**REQUIRED ACTION**
Below is a listing. Set down exactly the lines from the one containing "of_real b) = cmod" through the one containing "a))) = Im \<zeta>", both ends included, and leave out the rest.

· · ·

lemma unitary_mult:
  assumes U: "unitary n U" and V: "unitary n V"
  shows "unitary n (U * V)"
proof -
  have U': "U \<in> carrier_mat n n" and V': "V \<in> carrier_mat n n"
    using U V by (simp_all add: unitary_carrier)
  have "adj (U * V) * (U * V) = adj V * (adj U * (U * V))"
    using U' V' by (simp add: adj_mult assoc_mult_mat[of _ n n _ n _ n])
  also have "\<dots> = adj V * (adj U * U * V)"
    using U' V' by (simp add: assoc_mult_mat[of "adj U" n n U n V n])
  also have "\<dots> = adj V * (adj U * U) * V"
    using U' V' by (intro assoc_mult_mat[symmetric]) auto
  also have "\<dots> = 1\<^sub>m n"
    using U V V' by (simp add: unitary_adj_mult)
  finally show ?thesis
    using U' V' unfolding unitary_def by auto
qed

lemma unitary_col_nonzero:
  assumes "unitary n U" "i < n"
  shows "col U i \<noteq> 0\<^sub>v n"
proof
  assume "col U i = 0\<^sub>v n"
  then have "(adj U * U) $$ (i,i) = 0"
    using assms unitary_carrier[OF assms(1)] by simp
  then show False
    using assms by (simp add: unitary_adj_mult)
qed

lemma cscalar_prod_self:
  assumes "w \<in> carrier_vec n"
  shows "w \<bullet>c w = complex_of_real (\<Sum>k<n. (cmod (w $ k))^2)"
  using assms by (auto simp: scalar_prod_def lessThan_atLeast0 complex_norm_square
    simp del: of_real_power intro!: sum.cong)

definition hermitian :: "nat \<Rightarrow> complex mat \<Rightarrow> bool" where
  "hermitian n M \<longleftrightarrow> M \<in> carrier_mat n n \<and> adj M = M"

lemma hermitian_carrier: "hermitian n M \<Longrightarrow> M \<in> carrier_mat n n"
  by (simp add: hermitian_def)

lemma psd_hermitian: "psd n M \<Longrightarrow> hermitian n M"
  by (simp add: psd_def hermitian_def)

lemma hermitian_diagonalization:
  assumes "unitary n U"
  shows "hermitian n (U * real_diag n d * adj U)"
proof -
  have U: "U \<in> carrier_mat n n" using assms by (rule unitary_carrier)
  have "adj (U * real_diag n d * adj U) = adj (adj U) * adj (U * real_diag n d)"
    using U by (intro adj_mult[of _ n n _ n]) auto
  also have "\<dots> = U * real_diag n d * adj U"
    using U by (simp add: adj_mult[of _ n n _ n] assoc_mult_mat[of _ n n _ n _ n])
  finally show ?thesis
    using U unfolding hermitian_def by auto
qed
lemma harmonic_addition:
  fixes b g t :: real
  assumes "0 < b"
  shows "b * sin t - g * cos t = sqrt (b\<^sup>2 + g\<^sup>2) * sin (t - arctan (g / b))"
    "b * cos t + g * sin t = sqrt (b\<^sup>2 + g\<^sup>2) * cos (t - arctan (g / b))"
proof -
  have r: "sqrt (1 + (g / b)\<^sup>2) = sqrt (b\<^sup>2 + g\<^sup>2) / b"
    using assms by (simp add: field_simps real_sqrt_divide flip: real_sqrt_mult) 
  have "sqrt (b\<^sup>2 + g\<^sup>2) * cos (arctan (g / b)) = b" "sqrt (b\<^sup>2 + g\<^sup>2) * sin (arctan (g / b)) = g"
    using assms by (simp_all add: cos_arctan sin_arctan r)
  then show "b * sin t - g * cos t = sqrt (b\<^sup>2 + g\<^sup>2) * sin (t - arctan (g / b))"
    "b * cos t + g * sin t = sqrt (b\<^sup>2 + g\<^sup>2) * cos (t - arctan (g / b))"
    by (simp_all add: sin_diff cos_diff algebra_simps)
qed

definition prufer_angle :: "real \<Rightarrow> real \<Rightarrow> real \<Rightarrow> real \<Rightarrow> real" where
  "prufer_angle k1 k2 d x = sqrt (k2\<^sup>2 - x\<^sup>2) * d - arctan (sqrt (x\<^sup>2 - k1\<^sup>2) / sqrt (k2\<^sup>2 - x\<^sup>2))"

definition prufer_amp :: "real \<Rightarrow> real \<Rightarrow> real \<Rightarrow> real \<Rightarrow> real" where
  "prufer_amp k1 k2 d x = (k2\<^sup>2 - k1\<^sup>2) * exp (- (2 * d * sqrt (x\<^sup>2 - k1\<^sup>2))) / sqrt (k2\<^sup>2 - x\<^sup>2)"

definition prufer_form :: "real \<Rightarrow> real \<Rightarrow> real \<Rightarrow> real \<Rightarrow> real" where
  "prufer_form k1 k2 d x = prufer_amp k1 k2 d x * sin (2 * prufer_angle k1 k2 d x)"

· · ·

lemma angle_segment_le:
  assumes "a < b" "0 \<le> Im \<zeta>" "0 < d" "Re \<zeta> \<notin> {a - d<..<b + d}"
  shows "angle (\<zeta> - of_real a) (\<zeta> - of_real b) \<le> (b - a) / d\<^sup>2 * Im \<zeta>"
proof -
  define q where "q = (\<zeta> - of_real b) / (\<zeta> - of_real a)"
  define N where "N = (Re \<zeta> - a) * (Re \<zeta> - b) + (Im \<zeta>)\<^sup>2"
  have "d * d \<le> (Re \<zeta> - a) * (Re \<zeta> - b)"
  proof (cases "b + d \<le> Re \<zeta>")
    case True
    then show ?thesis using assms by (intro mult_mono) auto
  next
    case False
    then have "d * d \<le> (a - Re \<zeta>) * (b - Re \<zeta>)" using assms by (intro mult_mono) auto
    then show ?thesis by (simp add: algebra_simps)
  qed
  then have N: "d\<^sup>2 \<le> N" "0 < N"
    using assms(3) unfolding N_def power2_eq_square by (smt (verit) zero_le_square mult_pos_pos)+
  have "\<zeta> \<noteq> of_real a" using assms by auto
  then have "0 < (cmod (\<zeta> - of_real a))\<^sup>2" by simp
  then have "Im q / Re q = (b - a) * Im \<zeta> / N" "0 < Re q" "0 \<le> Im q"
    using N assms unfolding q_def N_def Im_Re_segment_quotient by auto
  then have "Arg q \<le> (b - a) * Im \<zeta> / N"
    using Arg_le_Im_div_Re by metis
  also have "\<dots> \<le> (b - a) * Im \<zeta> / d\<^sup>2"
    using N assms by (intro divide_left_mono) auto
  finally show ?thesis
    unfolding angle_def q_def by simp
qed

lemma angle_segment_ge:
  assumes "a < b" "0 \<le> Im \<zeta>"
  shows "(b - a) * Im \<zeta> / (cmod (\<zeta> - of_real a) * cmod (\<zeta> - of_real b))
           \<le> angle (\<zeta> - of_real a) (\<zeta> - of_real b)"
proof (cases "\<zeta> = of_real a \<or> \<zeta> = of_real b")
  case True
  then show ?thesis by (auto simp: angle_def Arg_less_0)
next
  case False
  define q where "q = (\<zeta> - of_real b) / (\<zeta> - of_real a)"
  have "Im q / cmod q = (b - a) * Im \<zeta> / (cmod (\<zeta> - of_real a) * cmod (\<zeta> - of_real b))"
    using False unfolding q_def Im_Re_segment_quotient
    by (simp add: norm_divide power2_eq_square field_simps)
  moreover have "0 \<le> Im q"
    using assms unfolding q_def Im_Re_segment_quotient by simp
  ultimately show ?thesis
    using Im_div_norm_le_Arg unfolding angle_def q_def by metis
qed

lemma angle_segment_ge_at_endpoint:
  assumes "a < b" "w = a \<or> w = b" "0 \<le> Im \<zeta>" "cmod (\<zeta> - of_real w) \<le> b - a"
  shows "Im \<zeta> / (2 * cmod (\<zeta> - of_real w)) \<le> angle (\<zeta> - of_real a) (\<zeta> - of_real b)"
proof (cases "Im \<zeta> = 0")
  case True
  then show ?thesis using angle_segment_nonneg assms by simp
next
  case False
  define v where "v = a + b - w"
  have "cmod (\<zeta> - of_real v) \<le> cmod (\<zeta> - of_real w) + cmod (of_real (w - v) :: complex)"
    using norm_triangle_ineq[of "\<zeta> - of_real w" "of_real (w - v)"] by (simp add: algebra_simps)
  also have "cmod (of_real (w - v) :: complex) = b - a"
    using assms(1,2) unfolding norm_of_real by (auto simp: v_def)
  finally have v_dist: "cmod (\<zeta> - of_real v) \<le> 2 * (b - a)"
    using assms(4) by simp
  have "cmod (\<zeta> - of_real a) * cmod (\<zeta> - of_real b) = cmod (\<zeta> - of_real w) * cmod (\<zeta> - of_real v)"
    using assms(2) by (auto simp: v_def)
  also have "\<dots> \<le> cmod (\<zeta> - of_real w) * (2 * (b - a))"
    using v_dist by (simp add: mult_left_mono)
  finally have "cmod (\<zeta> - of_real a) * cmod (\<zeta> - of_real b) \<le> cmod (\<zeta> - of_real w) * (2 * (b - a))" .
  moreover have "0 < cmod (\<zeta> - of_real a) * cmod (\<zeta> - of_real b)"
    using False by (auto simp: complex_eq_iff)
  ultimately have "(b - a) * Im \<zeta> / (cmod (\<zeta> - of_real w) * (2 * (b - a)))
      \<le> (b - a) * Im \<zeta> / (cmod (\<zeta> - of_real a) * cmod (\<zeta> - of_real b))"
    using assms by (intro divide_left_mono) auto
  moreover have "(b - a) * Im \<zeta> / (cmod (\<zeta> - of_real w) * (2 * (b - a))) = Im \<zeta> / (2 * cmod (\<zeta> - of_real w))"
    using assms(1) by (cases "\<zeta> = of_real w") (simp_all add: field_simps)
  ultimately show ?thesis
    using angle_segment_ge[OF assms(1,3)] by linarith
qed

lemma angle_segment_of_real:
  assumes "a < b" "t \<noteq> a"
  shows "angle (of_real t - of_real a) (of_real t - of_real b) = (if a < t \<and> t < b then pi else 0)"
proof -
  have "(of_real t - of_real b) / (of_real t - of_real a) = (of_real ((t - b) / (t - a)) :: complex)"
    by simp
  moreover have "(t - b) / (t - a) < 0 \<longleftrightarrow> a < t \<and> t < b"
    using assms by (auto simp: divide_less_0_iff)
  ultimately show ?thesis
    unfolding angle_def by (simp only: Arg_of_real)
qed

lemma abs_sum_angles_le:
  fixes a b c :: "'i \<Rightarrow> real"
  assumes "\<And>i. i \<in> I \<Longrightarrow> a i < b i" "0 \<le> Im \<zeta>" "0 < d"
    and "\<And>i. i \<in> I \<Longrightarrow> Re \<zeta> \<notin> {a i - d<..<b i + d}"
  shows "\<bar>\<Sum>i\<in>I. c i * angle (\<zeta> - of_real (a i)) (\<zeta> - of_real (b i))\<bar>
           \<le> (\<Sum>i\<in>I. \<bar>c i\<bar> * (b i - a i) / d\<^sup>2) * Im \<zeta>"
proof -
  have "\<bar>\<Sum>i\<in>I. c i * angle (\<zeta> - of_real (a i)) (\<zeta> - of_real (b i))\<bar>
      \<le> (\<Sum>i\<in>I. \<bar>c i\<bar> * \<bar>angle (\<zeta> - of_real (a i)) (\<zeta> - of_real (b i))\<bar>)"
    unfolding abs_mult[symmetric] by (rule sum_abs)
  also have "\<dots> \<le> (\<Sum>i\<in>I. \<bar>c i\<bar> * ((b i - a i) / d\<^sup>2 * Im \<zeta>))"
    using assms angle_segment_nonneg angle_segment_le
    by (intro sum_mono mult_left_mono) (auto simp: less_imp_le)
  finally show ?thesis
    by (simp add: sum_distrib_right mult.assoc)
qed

· · ·

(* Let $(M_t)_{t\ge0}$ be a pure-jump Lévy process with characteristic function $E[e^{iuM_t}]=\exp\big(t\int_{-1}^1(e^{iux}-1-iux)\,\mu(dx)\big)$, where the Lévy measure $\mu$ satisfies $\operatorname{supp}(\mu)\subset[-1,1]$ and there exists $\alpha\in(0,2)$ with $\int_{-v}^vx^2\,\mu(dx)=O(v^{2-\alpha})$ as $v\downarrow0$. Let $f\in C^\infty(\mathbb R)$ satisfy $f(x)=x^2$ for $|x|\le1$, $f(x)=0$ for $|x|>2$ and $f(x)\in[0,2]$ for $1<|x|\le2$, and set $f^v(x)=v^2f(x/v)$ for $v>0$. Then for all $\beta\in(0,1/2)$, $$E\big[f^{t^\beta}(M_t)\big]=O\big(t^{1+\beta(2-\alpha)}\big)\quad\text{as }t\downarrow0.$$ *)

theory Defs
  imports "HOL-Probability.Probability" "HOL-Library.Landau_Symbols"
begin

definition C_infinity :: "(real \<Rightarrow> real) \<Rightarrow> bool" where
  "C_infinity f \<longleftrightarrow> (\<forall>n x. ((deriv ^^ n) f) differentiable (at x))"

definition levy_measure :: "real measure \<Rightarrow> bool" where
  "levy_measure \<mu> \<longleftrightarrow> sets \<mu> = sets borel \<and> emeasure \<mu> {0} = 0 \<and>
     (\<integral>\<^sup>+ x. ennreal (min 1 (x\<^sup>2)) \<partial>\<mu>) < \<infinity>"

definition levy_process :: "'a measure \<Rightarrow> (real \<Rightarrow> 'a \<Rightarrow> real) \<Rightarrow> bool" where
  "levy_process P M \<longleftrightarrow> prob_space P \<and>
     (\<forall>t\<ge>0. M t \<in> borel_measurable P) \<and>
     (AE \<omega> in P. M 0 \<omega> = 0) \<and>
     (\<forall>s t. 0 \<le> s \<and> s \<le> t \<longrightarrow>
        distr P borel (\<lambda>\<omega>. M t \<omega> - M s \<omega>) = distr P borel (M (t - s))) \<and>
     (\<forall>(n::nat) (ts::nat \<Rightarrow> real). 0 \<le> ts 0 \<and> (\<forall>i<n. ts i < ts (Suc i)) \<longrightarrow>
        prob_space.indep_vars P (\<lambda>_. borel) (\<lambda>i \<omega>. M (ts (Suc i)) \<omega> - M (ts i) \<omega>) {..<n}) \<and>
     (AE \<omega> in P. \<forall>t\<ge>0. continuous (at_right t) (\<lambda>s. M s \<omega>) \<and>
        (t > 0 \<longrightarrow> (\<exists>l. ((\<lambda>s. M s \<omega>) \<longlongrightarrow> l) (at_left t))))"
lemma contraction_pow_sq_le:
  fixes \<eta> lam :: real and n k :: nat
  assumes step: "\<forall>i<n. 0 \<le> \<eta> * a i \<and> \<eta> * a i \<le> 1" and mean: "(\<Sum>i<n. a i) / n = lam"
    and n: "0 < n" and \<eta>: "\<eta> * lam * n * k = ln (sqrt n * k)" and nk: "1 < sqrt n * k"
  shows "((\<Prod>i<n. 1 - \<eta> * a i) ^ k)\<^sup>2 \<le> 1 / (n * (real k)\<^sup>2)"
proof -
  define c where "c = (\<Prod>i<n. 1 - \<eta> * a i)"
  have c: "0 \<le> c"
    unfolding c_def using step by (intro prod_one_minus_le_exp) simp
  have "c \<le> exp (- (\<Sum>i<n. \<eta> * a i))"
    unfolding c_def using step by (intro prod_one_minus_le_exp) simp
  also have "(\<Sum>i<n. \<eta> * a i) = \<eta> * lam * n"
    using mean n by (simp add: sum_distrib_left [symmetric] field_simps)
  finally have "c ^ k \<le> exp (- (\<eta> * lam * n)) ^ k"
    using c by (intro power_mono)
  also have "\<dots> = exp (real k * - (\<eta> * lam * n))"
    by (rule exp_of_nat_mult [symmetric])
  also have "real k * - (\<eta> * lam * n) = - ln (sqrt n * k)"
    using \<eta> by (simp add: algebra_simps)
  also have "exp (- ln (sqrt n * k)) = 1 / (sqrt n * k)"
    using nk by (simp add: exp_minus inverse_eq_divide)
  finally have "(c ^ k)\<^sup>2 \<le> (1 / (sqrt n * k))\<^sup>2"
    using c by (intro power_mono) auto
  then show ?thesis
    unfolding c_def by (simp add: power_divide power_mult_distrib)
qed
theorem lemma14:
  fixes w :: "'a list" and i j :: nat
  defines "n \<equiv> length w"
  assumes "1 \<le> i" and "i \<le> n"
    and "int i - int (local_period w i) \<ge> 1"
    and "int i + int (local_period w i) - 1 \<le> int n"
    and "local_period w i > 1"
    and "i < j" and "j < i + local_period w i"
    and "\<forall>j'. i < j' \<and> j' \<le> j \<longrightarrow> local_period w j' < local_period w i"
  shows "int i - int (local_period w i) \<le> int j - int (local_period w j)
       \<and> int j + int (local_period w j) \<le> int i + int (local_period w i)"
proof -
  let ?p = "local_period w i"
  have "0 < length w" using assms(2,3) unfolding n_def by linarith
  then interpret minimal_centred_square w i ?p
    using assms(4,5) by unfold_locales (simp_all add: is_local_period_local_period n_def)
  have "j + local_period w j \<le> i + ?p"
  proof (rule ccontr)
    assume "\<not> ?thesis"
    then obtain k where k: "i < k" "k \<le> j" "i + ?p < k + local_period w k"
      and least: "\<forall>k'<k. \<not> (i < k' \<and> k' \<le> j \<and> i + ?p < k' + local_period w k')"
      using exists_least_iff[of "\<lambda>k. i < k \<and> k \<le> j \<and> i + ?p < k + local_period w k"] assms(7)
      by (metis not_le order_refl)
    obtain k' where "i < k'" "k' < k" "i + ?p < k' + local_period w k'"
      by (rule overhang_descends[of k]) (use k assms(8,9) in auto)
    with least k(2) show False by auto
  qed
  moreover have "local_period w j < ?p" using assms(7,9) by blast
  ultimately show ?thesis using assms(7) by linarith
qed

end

· · ·

**TASK ANSWER**
  have "cmod (\<zeta> - of_real a) * cmod (\<zeta> - of_real b) = cmod (\<zeta> - of_real w) * cmod (\<zeta> - of_real v)"
    using assms(2) by (auto simp: v_def)
  also have "\<dots> \<le> cmod (\<zeta> - of_real w) * (2 * (b - a))"
    using v_dist by (simp add: mult_left_mono)
  finally have "cmod (\<zeta> - of_real a) * cmod (\<zeta> - of_real b) \<le> cmod (\<zeta> - of_real w) * (2 * (b - a))" .
  moreover have "0 < cmod (\<zeta> - of_real a) * cmod (\<zeta> - of_real b)"
    using False by (auto simp: complex_eq_iff)
  ultimately have "(b - a) * Im \<zeta> / (cmod (\<zeta> - of_real w) * (2 * (b - a)))
      \<le> (b - a) * Im \<zeta> / (cmod (\<zeta> - of_real a) * cmod (\<zeta> - of_real b))"
    using assms by (intro divide_left_mono) auto
  moreover have "(b - a) * Im \<zeta> / (cmod (\<zeta> - of_real w) * (2 * (b - a))) = Im \<zeta> / (2 * cmod (\<zeta> - of_real w))"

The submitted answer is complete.